Monthly Archive for November, 2018

NOVEMBER 2018 BAD FAITH CASES: FEDERAL COURT WILL NOT REMAND BAD FAITH CLAIM SIMPLY BECAUSE INSURED INCLUDED A CLAIM FOR DECLARATORY RELIEF (New Jersey Federal)

The insured brought claims for declaratory relief, breach of contract and bad faith. The carrier removed to federal court, and the insured moved to remand.

The insured agreed that diversity jurisdiction existed, but asked the court to make a discretionary remand on the basis that the case sought declaratory relief, which should be deemed to encompass all claims in the case.
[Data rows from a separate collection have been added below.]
lemma cubic_roots:
  fixes c :: complex
  obtains s1 s2 s3 where "s1 ^ 3 + s1 = c" "s2 ^ 3 + s2 = c" "s3 ^ 3 + s3 = c"
    and "s2 + s3 = - s1" "s2 * s3 = s1\<^sup>2 + 1"
proof -
  obtain s1 where "poly [:- c, 1, 0, 1:] s1 = 0"
    using fundamental_theorem_of_algebra_alt[of "[:- c, 1, 0, 1:]"] by (auto simp: pCons_eq_iff)
  then have s1: "s1 ^ 3 + s1 = c"
    by (simp add: algebra_simps power3_eq_cube)
  define r where "r = csqrt (- 3 * s1\<^sup>2 - 4)"
  have r: "r\<^sup>2 = - 3 * s1\<^sup>2 - 4"
    unfolding r_def by simp
  define s2 s3 where "s2 = (- s1 + r) / 2" and "s3 = (- s1 - r) / 2"
  have sum: "s2 + s3 = - s1" and prod: "s2 * s3 = s1\<^sup>2 + 1"
    unfolding s2_def s3_def using r by (simp_all add: field_simps power2_eq_square)
  have "t ^ 3 + t = c" if "t + u = - s1" "t * u = s1\<^sup>2 + 1" for t u
  proof -
    have "t ^ 3 + t - (s1 ^ 3 + s1) = (t - s1) * (t * (t + s1 + u) - (t * u - s1\<^sup>2 - 1))"
      by (simp add: algebra_simps power2_eq_square power3_eq_cube)
    also have "\<dots> = 0"
      using that by (simp add: algebra_simps)
    finally show ?thesis using s1 by simp
  qed
  then show ?thesis
    using that s1 sum prod by (metis add.commute mult.commute)
qed

lemma eigen_ode_eq_0_if_initial_eq_0:
  fixes f f1 f2 :: "real \<Rightarrow> complex"
  assumes ode: "eigen_ode {0..L} c f f1 f2" and "f 0 = 0" "f1 0 = 0" "f2 0 = 0"
    and x: "x \<in> {0..L}"
  shows "f x = 0"
proof -
  obtain u v where uv: "u \<noteq> v" "u ^ 3 + u = c" "v ^ 3 + v = c"
  proof -
    obtain s1 s2 s3 where "s1 ^ 3 + s1 = c" "s2 ^ 3 + s2 = c" "s3 ^ 3 + s3 = c"
      and "s2 + s3 = - s1" "s2 * s3 = s1\<^sup>2 + 1"
      by (rule cubic_roots)
    moreover have "s1 \<noteq> s2 \<or> s1 \<noteq> s3"
      using \<open>s2 + s3 = - s1\<close> \<open>s2 * s3 = s1\<^sup>2 + 1\<close> by auto
    ultimately show ?thesis using that by blast
  qed
  have Z: "f2 y - s * f1 y + (1 + s\<^sup>2) * f y = 0" if "s ^ 3 + s = c" "y \<in> {0..L}" for s y
    using eigen_ode_exp_invariant[OF ode that] assms(2-4) by simp
  have f1_eq: "f1 y = (u + v) * f y" if "y \<in> {0..L}" for y
  proof -
    have "(v - u) * (f1 y - (u + v) * f y)
        = (f2 y - u * f1 y + (1 + u\<^sup>2) * f y) - (f2 y - v * f1 y + (1 + v\<^sup>2) * f y)"
      by (simp add: algebra_simps power2_eq_square)
    also have "\<dots> = 0" using Z uv that by simp
    finally show ?thesis using uv(1) by simp
  qed
  define K where "K y = exp (y *\<^sub>R (- (u + v))) * f y" for y
  have "(K has_vector_derivative 0) (at y within {0..L})" if y: "y \<in> {0..L}" for y
  proof -
    have "(K has_vector_derivative
        exp (y *\<^sub>R (- (u + v))) * f1 y + exp (y *\<^sub>R (- (u + v))) * (- (u + v)) * f y) (at y within {0..L})"
      unfolding K_def using ode y unfolding eigen_ode_def
      by (intro has_vector_derivative_mult exp_scaleR_has_vector_derivative_right) auto
    then show ?thesis using f1_eq[OF y] by (simp add: algebra_simps)
  qed
  then have "K x = K 0"
    using x by (intro has_vector_derivative_zero_imp_eq[of "{0..L}"]) auto
  then show ?thesis using \<open>f 0 = 0\<close> by (simp add: K_def)
qed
The court disagreed because the breach of contract and bad faith claims were independent of the declaratory relief claim, and there was jurisdiction over those independent claims.

The test is whether the claims for non-declaratory relief would continue to exist even if the declaratory judgment claim were dropped. It is obvious that if the insured never sought declaratory relief he still could have sued for damages under the contract and bad faith theories.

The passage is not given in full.